■ **What you are asked to do**: How many lines of the data contain "such"? Reply with the number alone.

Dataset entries
Segment Open

(* Let $k\geq 3$ be an integer and $\ell\geq 2$ an even integer, and let $G_1^{\{\ell,k\}}$ and $G_2^{\{\ell,k\}}$ be the indistinguishability graphs (for a fixed permutation $\sigma\neq\mathrm{id}$ of $[k]$). Let $\chi_1$ and $\chi_2$ be arbitrary $k$-partial $k$-colorings of $G_1^{\{\ell,k\}}$ and $G_2^{\{\ell,k\}}$, respectively. Then (1) $\chi_1((i,1))=\chi_1((i,\ell))$ for every $i\in[k]$; and (2) there exists $j\in[k]$ with $\chi_2((j,1))\neq\chi_2((j,\ell))$.
   Context: Let $[m]=\{1,\dots,m\}$. A $k$-partial $c$-coloring of a graph $H=(V,E)$ is a map $\gamma:V\to\{1,\dots,c\}$ such that every vertex $v$ has at least $\min\{k,\deg_H(v)\}$ neighbors $u$ with $\gamma(u)\neq\gamma(v)$. Path of cliques: for permutations $\tau_1,\dots,\tau_{\ell-1}$ of $[k]$, $P(\tau_1,\dots,\tau_{\ell-1})$ has vertex set $[k]\times[\ell]$ and edges $\{(a,i),(b,i)\}$ for $a\neq b$, $i\in[\ell]$, and $\{(a,i),(b,i+1)\}$ for $i\in[\ell-1]$, $a,b\in[k]$, $b\neq\tau_i(a)$. The $k$-edge-gadget transformation: given a graph $G$ and for each edge a chosen ordered pair $(u,v)$, keep all vertices of $G$, delete each edge $\{u,v\}$, and add $k$ new vertices $(u,v,1),\dots,(u,v,k)$ forming a clique together with edges $\{u,(u,v,j)\}$ for $j=1,\dots,k-1$ and $\{v,(u,v,k)\}$. Indistinguishability graphs: let $G_1=P(\tau_1,\dots,\tau_{\ell-1})$ with all $\tau_i=\mathrm{id}$, and $G_2=P(\tau_1',\dots,\tau_{\ell-1}')$ with $\tau_i'=\mathrm{id}$ for $i\neq \ell/2$ and $\tau'_{\ell/2}=\sigma$, where $\sigma$ is a fixed permutation of $[k]$ different from the identity. $G_1^{\{\ell,k\}}$ (resp. $G_2^{\{\ell,k\}}$) is obtained from $G_1$ (resp. $G_2$) by the $k$-edge-gadget transformation, where an edge $\{(a,i),(b,i)\}$ with $a<b$ is oriented as $((a,i),(b,i))$ and an edge $\{(a,i),(b,i+1)\}$ is oriented as $((a,i),(b,i+1))$. The vertices $(i,1)$ and $(i,\ell)$ are original vertices of the path of cliques. *)

theory Defs
  imports "HOL-Combinatorics.Permutations"
begin

definition nbrs :: "'a set \<Rightarrow> ('a \<Rightarrow> 'a \<Rightarrow> bool) \<Rightarrow> 'a \<Rightarrow> 'a set" where
  "nbrs V adj v = {u \<in> V. adj v u}"

definition partial_coloring ::
  "'a set \<Rightarrow> ('a \<Rightarrow> 'a \<Rightarrow> bool) \<Rightarrow> nat \<Rightarrow> nat \<Rightarrow> ('a \<Rightarrow> nat) \<Rightarrow> bool" where
  "partial_coloring V adj k c \<gamma> \<longleftrightarrow>
     (\<forall>v\<in>V. \<gamma> v \<in> {1..c}) \<and>
     (\<forall>v\<in>V. card {u \<in> nbrs V adj v. \<gamma> u \<noteq> \<gamma> v} \<ge> min k (card (nbrs V adj v)))"

text \<open>Vertices of the k-edge-gadget transformation: original vertices and gadget vertices
  (u,v,j) for an oriented edge (u,v).\<close>

datatype 'a gv = Orig 'a | Gad 'a 'a nat

definition gadget_V :: "'a set \<Rightarrow> ('a \<times> 'a) set \<Rightarrow> nat \<Rightarrow> 'a gv set" where
  "gadget_V V D k = Orig ` V \<union> {Gad u v j | u v j. (u, v) \<in> D \<and> j \<in> {1..k}}"

definition gadget_adj0 :: "('a \<times> 'a) set \<Rightarrow> nat \<Rightarrow> 'a gv \<Rightarrow> 'a gv \<Rightarrow> bool" where
  "gadget_adj0 D k x y \<longleftrightarrow>
     (\<exists>u v j j'. (u, v) \<in> D \<and> j \<in> {1..k} \<and> j' \<in> {1..k} \<and> j \<noteq> j' \<and>
                x = Gad u v j \<and> y = Gad u v j') \<or>
     (\<exists>u v j. (u, v) \<in> D \<and> j \<in> {1..k-1} \<and> x = Orig u \<and> y = Gad u v j) \<or>
     (\<exists>u v. (u, v) \<in> D \<and> x = Orig v \<and> y = Gad u v k)"

definition gadget_adj :: "('a \<times> 'a) set \<Rightarrow> nat \<Rightarrow> 'a gv \<Rightarrow> 'a gv \<Rightarrow> bool" where
  "gadget_adj D k x y \<longleftrightarrow> gadget_adj0 D k x y \<or> gadget_adj0 D k y x"

text \<open>Path of cliques P(tau_1,...,tau_{l-1}) on [k] x [l], given by its edges with the
  orientation used in the paper (the edges of the graph are exactly the unordered
  versions of these arcs).\<close>

definition poc_V :: "nat \<Rightarrow> nat \<Rightarrow> (nat \<times> nat) set" where
  "poc_V k l = {1..k} \<times> {1..l}"

definition poc_arcs :: "nat \<Rightarrow> nat \<Rightarrow> (nat \<Rightarrow> nat \<Rightarrow> nat) \<Rightarrow> ((nat \<times> nat) \<times> (nat \<times> nat)) set" where
  "poc_arcs k l \<tau> =
     {((a, i), (b, i)) | a b i. a \<in> {1..k} \<and> b \<in> {1..k} \<and> a < b \<and> i \<in> {1..l}} \<union>
     {((a, i), (b, Suc i)) | a b i. a \<in> {1..k} \<and> b \<in> {1..k} \<and> i \<in> {1..l-1} \<and> b \<noteq> \<tau> i a}"

definition tau1 :: "nat \<Rightarrow> nat \<Rightarrow> nat" where
  "tau1 i = id"

definition tau2 :: "nat \<Rightarrow> (nat \<Rightarrow> nat) \<Rightarrow> nat \<Rightarrow> nat \<Rightarrow> nat" where
  "tau2 l \<sigma> i = (if i = l div 2 then \<sigma> else id)"

definition G_V :: "nat \<Rightarrow> nat \<Rightarrow> (nat \<Rightarrow> nat \<Rightarrow> nat) \<Rightarrow> (nat \<times> nat) gv set" where
  "G_V l k \<tau> = gadget_V (poc_V k l) (poc_arcs k l \<tau>) k"

definition G_adj :: "nat \<Rightarrow> nat \<Rightarrow> (nat \<Rightarrow> nat \<Rightarrow> nat) \<Rightarrow> (nat \<times> nat) gv \<Rightarrow> (nat \<times> nat) gv \<Rightarrow> bool" where
  "G_adj l k \<tau> = gadget_adj (poc_arcs k l \<tau>) k"

end

theory Submission
  imports Defs
begin

text \<open>A gadget vertex has degree exactly k, so in a k-partial k-coloring all its neighbors
  get colors different from its own. Hence the gadget of an arc (u,v) is a k-clique using
  all k colors; u sees every gadget vertex except (u,v,k), so u has the color of (u,v,k),
  which differs from that of v. Thus the original vertices carry a proper k-coloring of the
  path of cliques. In such a coloring each layer uses all k colors, and (a,i) is adjacent
  to every vertex of layer i+1 except (tau_i(a), i+1), so both have the same color.
  Colours therefore travel along the permutations: in G_1 every row keeps its color,
  while in G_2 the row j with sigma(j) \<noteq> j ends in layer l with the color of row
  sigma(j), which differs from the color of row j there.\<close>

lemma partial_coloring_nbr_color_differs:
  assumes "partial_coloring V adj k c \<chi>" and "x \<in> V"
    and "finite (nbrs V adj x)" and "card (nbrs V adj x) \<le> k"
    and "y \<in> nbrs V adj x"
  shows "\<chi> y \<noteq> \<chi> x"
proof -
  let ?S = "{u \<in> nbrs V adj x. \<chi> u \<noteq> \<chi> x}"
  have "min k (card (nbrs V adj x)) \<le> card ?S"
    using assms(1,2) unfolding partial_coloring_def by blast
  then have "card (nbrs V adj x) \<le> card ?S"
    using assms(4) by (simp add: min_absorb2)
  moreover have "?S \<subseteq> nbrs V adj x" by blast
  ultimately have "?S = nbrs V adj x"
    using assms(3) card_seteq by blast
  then show ?thesis using assms(5) by blast
qed

lemma partial_coloring_range:
  "partial_coloring V adj k c \<chi> \<Longrightarrow> x \<in> V \<Longrightarrow> \<chi> x \<in> {1..c}"
  unfolding partial_coloring_def by blast

lemma Orig_in_gadget_V: "v \<in> V \<Longrightarrow> Orig v \<in> gadget_V V D k"
  unfolding gadget_V_def by blast

lemma Gad_in_gadget_V: "(u, v) \<in> D \<Longrightarrow> j \<in> {1..k} \<Longrightarrow> Gad u v j \<in> gadget_V V D k"
  unfolding gadget_V_def by blast

lemma gadget_adj_Gad:
  assumes "(u, v) \<in> D" and "j \<in> {1..k}"
  shows "gadget_adj D k (Gad u v j) y \<longleftrightarrow>
           y = Orig (if j < k then u else v) \<or> (\<exists>j'\<in>{1..k}. j' \<noteq> j \<and> y = Gad u v j')"
  using assms unfolding gadget_adj_def gadget_adj0_def
  by (cases y) (auto simp: less_Suc_eq_le)

lemma nbrs_Gad:
  assumes "(u, v) \<in> D" and "u \<in> V" and "v \<in> V" and "j \<in> {1..k}"
  shows "nbrs (gadget_V V D k) (gadget_adj D k) (Gad u v j) =
           insert (Orig (if j < k then u else v)) (Gad u v ` ({1..k} - {j}))"
  using assms unfolding nbrs_def gadget_adj_Gad[OF assms(1,4)]
  by (auto simp: gadget_V_def)

lemma gadget_partial_coloring_separates_arc:
  assumes pc: "partial_coloring (gadget_V V D k) (gadget_adj D k) k k \<chi>"
    and uv: "(u, v) \<in> D" and "u \<in> V" and "v \<in> V" and "0 < k"
  shows "\<chi> (Orig u) \<noteq> \<chi> (Orig v)"
proof -
  let ?W = "gadget_V V D k" and ?g = "\<lambda>j. \<chi> (Gad u v j)"
  note Gad_in = Gad_in_gadget_V[OF uv]
  have apart: "\<chi> y \<noteq> ?g j"
    if j: "j \<in> {1..k}" and "y \<in> insert (Orig (if j < k then u else v)) (Gad u v ` ({1..k} - {j}))"
    for j y
  proof (rule partial_coloring_nbr_color_differs[OF pc Gad_in[OF j]])
    note N = nbrs_Gad[OF uv \<open>u \<in> V\<close> \<open>v \<in> V\<close> j]
    show "finite (nbrs ?W (gadget_adj D k) (Gad u v j))" unfolding N by simp
    have "card (Gad u v ` ({1..k} - {j})) \<le> k - 1"
      using card_image_le[of "{1..k} - {j}" "Gad u v"] j by simp
    then show "card (nbrs ?W (gadget_adj D k) (Gad u v j)) \<le> k"
      unfolding N by (rule card_insert_le_m1[OF \<open>0 < k\<close>])
    show "y \<in> nbrs ?W (gadget_adj D k) (Gad u v j)" unfolding N by fact
  qed
  have "inj_on ?g {1..k}"
  proof (rule inj_onI, rule ccontr)
    fix i i' assume "i \<in> {1..k}" "i' \<in> {1..k}" "?g i = ?g i'" "i \<noteq> i'"
    then show False using apart[of i "Gad u v i'"] by auto
  qed
  moreover have "?g ` {1..k} \<subseteq> {1..k}"
    using partial_coloring_range[OF pc Gad_in] by auto
  ultimately have onto: "?g ` {1..k} = {1..k}"
    by (simp add: endo_inj_surj)
  have "\<chi> (Orig u) \<in> ?g ` {1..k}"
    unfolding onto using partial_coloring_range[OF pc Orig_in_gadget_V] \<open>u \<in> V\<close> by blast
  then obtain j where j: "j \<in> {1..k}" and uj: "\<chi> (Orig u) = ?g j"
    by blast
  have "j = k"
    using apart[OF j, of "Orig u"] uj j by (cases "j < k") auto
  moreover have "\<chi> (Orig v) \<noteq> ?g k"
    using apart[of k "Orig v"] \<open>0 < k\<close> by simp
  ultimately show ?thesis using uj by simp
qed

definition proper_poc_coloring ::
  "nat \<Rightarrow> nat \<Rightarrow> (nat \<Rightarrow> nat \<Rightarrow> nat) \<Rightarrow> (nat \<times> nat \<Rightarrow> nat) \<Rightarrow> bool" where
  "proper_poc_coloring k l \<tau> f \<longleftrightarrow>
     (\<forall>x\<in>poc_V k l. f x \<in> {1..k}) \<and> (\<forall>(x, y)\<in>poc_arcs k l \<tau>. f x \<noteq> f y)"

lemma proper_poc_coloringD:
  assumes "proper_poc_coloring k l \<tau> f"
  shows proper_poc_coloring_range: "x \<in> poc_V k l \<Longrightarrow> f x \<in> {1..k}"
    and proper_poc_coloring_arc: "(x, y) \<in> poc_arcs k l \<tau> \<Longrightarrow> f x \<noteq> f y"
  using assms unfolding proper_poc_coloring_def by blast+

lemma poc_arc_in_layer:
  "a \<in> {1..k} \<Longrightarrow> b \<in> {1..k} \<Longrightarrow> a < b \<Longrightarrow> i \<in> {1..l} \<Longrightarrow> ((a, i), (b, i)) \<in> poc_arcs k l \<tau>"
  unfolding poc_arcs_def by blast

lemma poc_arc_between_layers:
  "a \<in> {1..k} \<Longrightarrow> b \<in> {1..k} \<Longrightarrow> i \<in> {1..l-1} \<Longrightarrow> b \<noteq> \<tau> i a \<Longrightarrow>
     ((a, i), (b, Suc i)) \<in> poc_arcs k l \<tau>"
  unfolding poc_arcs_def by blast

lemma poc_arc_endpoints_in_poc_V: "(x, y) \<in> poc_arcs k l \<tau> \<Longrightarrow> x \<in> poc_V k l \<and> y \<in> poc_V k l"
  unfolding poc_arcs_def poc_V_def by auto

lemma partial_coloring_G_imp_proper_poc_coloring:
  assumes pc: "partial_coloring (G_V l k \<tau>) (G_adj l k \<tau>) k k \<chi>" and "0 < k"
  shows "proper_poc_coloring k l \<tau> (\<lambda>x. \<chi> (Orig x))"
proof -
  note pc' = pc[unfolded G_V_def G_adj_def]
  have "\<chi> (Orig x) \<in> {1..k}" if "x \<in> poc_V k l" for x
    by (rule partial_coloring_range[OF pc' Orig_in_gadget_V[OF that]])
  moreover have "\<chi> (Orig x) \<noteq> \<chi> (Orig y)" if xy: "(x, y) \<in> poc_arcs k l \<tau>" for x y
    using poc_arc_endpoints_in_poc_V[OF xy] gadget_partial_coloring_separates_arc[OF pc' xy _ _ \<open>0 < k\<close>]
    by blast
  ultimately show ?thesis
    unfolding proper_poc_coloring_def by blast
qed

lemma proper_poc_coloring_layer_inj:
  assumes f: "proper_poc_coloring k l \<tau> f" and "i \<in> {1..l}"
  shows "inj_on (\<lambda>a. f (a, i)) {1..k}"
proof (rule inj_onI, rule ccontr)
  fix a b assume ab: "a \<in> {1..k}" "b \<in> {1..k}" "f (a, i) = f (b, i)" "a \<noteq> b"
  then have "a < b \<or> b < a" by arith
  then show False
    using proper_poc_coloring_arc[OF f poc_arc_in_layer] ab \<open>i \<in> {1..l}\<close> by metis
qed

lemma proper_poc_coloring_layer_step:
  assumes f: "proper_poc_coloring k l \<tau> f" and i: "i \<in> {1..l-1}"
    and a: "a \<in> {1..k}" and "\<tau> i a \<in> {1..k}"
  shows "f (a, i) = f (\<tau> i a, Suc i)"
proof -
  let ?g = "\<lambda>b. f (b, Suc i)"
  have "inj_on ?g {1..k}"
    using proper_poc_coloring_layer_inj[OF f, of "Suc i"] i by auto
  moreover have "?g ` {1..k} \<subseteq> {1..k}"
    using proper_poc_coloring_range[OF f] i unfolding poc_V_def by auto
  ultimately have onto: "?g ` {1..k} = {1..k}"
    by (simp add: endo_inj_surj)
  have "f (a, i) \<in> ?g ` {1..k}"
    unfolding onto using proper_poc_coloring_range[OF f] a i unfolding poc_V_def by auto
  then obtain b where b: "b \<in> {1..k}" and ab: "f (a, i) = ?g b"
    by blast
  have "b = \<tau> i a"
    using proper_poc_coloring_arc[OF f poc_arc_between_layers[OF a b i]] ab by blast
  then show ?thesis using ab by simp
qed

lemma proper_poc_coloring_id_layers:
  assumes f: "proper_poc_coloring k l \<tau> f" and "1 \<le> m" and "m \<le> n" and "n \<le> l"
    and id: "\<And>i. m \<le> i \<Longrightarrow> i < n \<Longrightarrow> \<tau> i = id" and a: "a \<in> {1..k}"
  shows "f (a, m) = f (a, n)"
  using \<open>m \<le> n\<close> \<open>n \<le> l\<close> id
proof (induction n rule: dec_induct)
  case base
  then show ?case by simp
next
  case (step n)
  then have "f (a, n) = f (\<tau> n a, Suc n)"
    using proper_poc_coloring_layer_step[OF f _ a] a \<open>1 \<le> m\<close> by simp
  with step show ?case by simp
qed

theorem fact1:
  fixes k l :: nat and \<sigma> :: "nat \<Rightarrow> nat" and \<chi>1 \<chi>2 :: "(nat \<times> nat) gv \<Rightarrow> nat"
  assumes "k \<ge> 3" and "l \<ge> 2" and "even l"
    and "\<sigma> permutes {1..k}" and "\<sigma> \<noteq> id"
    and "partial_coloring (G_V l k tau1) (G_adj l k tau1) k k \<chi>1"
    and "partial_coloring (G_V l k (tau2 l \<sigma>)) (G_adj l k (tau2 l \<sigma>)) k k \<chi>2"
  shows "(\<forall>i\<in>{1..k}. \<chi>1 (Orig (i, 1)) = \<chi>1 (Orig (i, l))) \<and>
         (\<exists>j\<in>{1..k}. \<chi>2 (Orig (j, 1)) \<noteq> \<chi>2 (Orig (j, l)))"
proof
  have "0 < k" using assms(1) by simp
  note f1 = partial_coloring_G_imp_proper_poc_coloring[OF assms(6) \<open>0 < k\<close>]
  note f2 = partial_coloring_G_imp_proper_poc_coloring[OF assms(7) \<open>0 < k\<close>]
  show "\<forall>i\<in>{1..k}. \<chi>1 (Orig (i, 1)) = \<chi>1 (Orig (i, l))"
    using proper_poc_coloring_id_layers[OF f1] assms(2) by (simp add: tau1_def)
  obtain j where "\<sigma> j \<noteq> j" using assms(5) by (metis eq_id_iff)
  then have j: "j \<in> {1..k}"
    using assms(4) by (meson permutes_not_in)
  then have \<sigma>j: "\<sigma> j \<in> {1..k}"
    using permutes_in_image[OF assms(4)] by blast
  define h where "h = l div 2"
  have h: "1 \<le> h" "h < l" using assms(2,3) unfolding h_def by auto
  have "\<chi>2 (Orig (j, 1)) = \<chi>2 (Orig (j, h))"
    using proper_poc_coloring_id_layers[OF f2 _ _ _ _ j] h by (simp add: tau2_def h_def)
  also have "\<dots> = \<chi>2 (Orig (\<sigma> j, Suc h))"
    using proper_poc_coloring_layer_step[OF f2 _ j] \<sigma>j h by (simp add: tau2_def h_def)
  also have "\<dots> = \<chi>2 (Orig (\<sigma> j, l))"
    using proper_poc_coloring_id_layers[OF f2 _ _ _ _ \<sigma>j] h by (simp add: tau2_def h_def)
  also have "\<dots> \<noteq> \<chi>2 (Orig (j, l))"
    using proper_poc_coloring_layer_inj[OF f2, of l] \<open>\<sigma> j \<noteq> j\<close> j \<sigma>j h
    by (auto dest: inj_onD)
  finally show "\<exists>j\<in>{1..k}. \<chi>2 (Orig (j, 1)) \<noteq> \<chi>2 (Orig (j, l))"
    using j by blast
qed

end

Segment Closed

■ **Exercise solution**: 2